We ended with a prayer exercise. We all came to the front of the church and stood in a circle. It was a tight squeeze, so most of us were nearly touching shoulders. I handed out copies of The Prayer of St. Francis, and we went around the circle each person reading one line of the prayer. When one person ended the prayer, the next person began it again. Around and around we went. We must have read it more than a dozen times together. At first people were nervous, a few people used their best TV host voice. But after awhile the words began to sink in. Every once in awhile, when it was their turn to read, people would have to gather themselves. Arms started to go around shoulders. I could sense the emotion, and hear the sniffles and see the tears. It was a beautiful moment.

“Lord, make me an instrument of Your peace.” … your peace. Where there is injury, let me sow pardon. Where there is discord, let me so harmony. Where there is doubt and despair, let me sow faith and hope. I do not know if this is possible for a culture so bitterly divided. But I am certain we have to find a way to do this as the church. Our legitimacy, our very being depends upon it.

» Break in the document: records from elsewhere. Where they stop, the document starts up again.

lemma quadmod_add:
  assumes "p \<in> quadmod V d S" "q \<in> quadmod V d S"
  shows "p + q \<in> quadmod V d S"
proof -
  obtain s0 s where s0: "sos V s0" "tdeg s0 \<le> d"
    and s: "\<forall>a\<in>S. sos V (s a) \<and> tdeg (s a * a) \<le> d"
    and p: "p = s0 + (\<Sum>a\<in>S. s a * a)"
    using assms(1) unfolding quadmod_def by blast
  obtain t0 t where t0: "sos V t0" "tdeg t0 \<le> d"
    and t: "\<forall>a\<in>S. sos V (t a) \<and> tdeg (t a * a) \<le> d"
    and q: "q = t0 + (\<Sum>a\<in>S. t a * a)"
    using assms(2) unfolding quadmod_def by blast
  have "(\<Sum>a\<in>S. (s a + t a) * a) = (\<Sum>a\<in>S. s a * a) + (\<Sum>a\<in>S. t a * a)"
    by (simp only: distrib_right sum.distrib)
  then have sum: "p + q = (s0 + t0) + (\<Sum>a\<in>S. (s a + t a) * a)"
    unfolding p q by (simp only: add_ac)
  have deg: "tdeg (s0 + t0) \<le> d"
    using tdeg_add[of s0 t0] s0 t0 by simp
  have st: "sos V (s a + t a) \<and> tdeg ((s a + t a) * a) \<le> d" if "a \<in> S" for a
  proof -
    have "sos V (s a)" "tdeg (s a * a) \<le> d" "sos V (t a)" "tdeg (t a * a) \<le> d"
      using s t that by auto
    then show ?thesis
      using tdeg_add[of "s a * a" "t a * a"] by (simp add: distrib_right sos_add)
  qed
  show ?thesis
    unfolding quadmod_def
    by (intro CollectI exI[of _ "s0 + t0"] exI[of _ "\<lambda>a. s a + t a"] conjI ballI)
      (simp_all add: sos_add s0 t0 deg st sum)
qed

lemma quadmod_mono_degree: "d \<le> e \<Longrightarrow> quadmod V d S \<subseteq> quadmod V e S"
  unfolding quadmod_def by (intro Collect_mono impI) (blast intro: le_trans)

definition qmodule :: "nat set \<Rightarrow> mpoly set \<Rightarrow> mpoly set" where
  "qmodule V S = (\<Union>d. quadmod V d S)"

lemma putinar_iff_qmodule:
  "putinar V S \<longleftrightarrow> (\<exists>M>0. Const M - (\<Sum>v\<in>V. Var v * Var v) \<in> qmodule V S)"
  unfolding putinar_def qmodule_def by simp

lemma qmodule_mono:
  assumes "V \<subseteq> W" "S \<subseteq> S'" "finite S'"
  shows "qmodule V S \<subseteq> qmodule W S'"
  unfolding qmodule_def using quadmod_mono[OF assms(1) order_refl assms(2,3)] by (intro UN_mono) auto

Lord, make me an instrument of Your peace.
Where there is hatred, let me sow love;
Where there is injury, pardon;
Where there is discord, harmony;
Where there is error, truth;
Where there is doubt, faith;
Where there is despair, hope;
Where there is darkness, light;
And where there is sadness, joy.
O Divine Master,
Grant that I may not so much seek to be consoled as to console;
to be understood as to understand;
to be loved as to love.
For it is in giving that we receive;
It is in pardoning that we are pardoned;
And it is in dying that we are born to eternal life.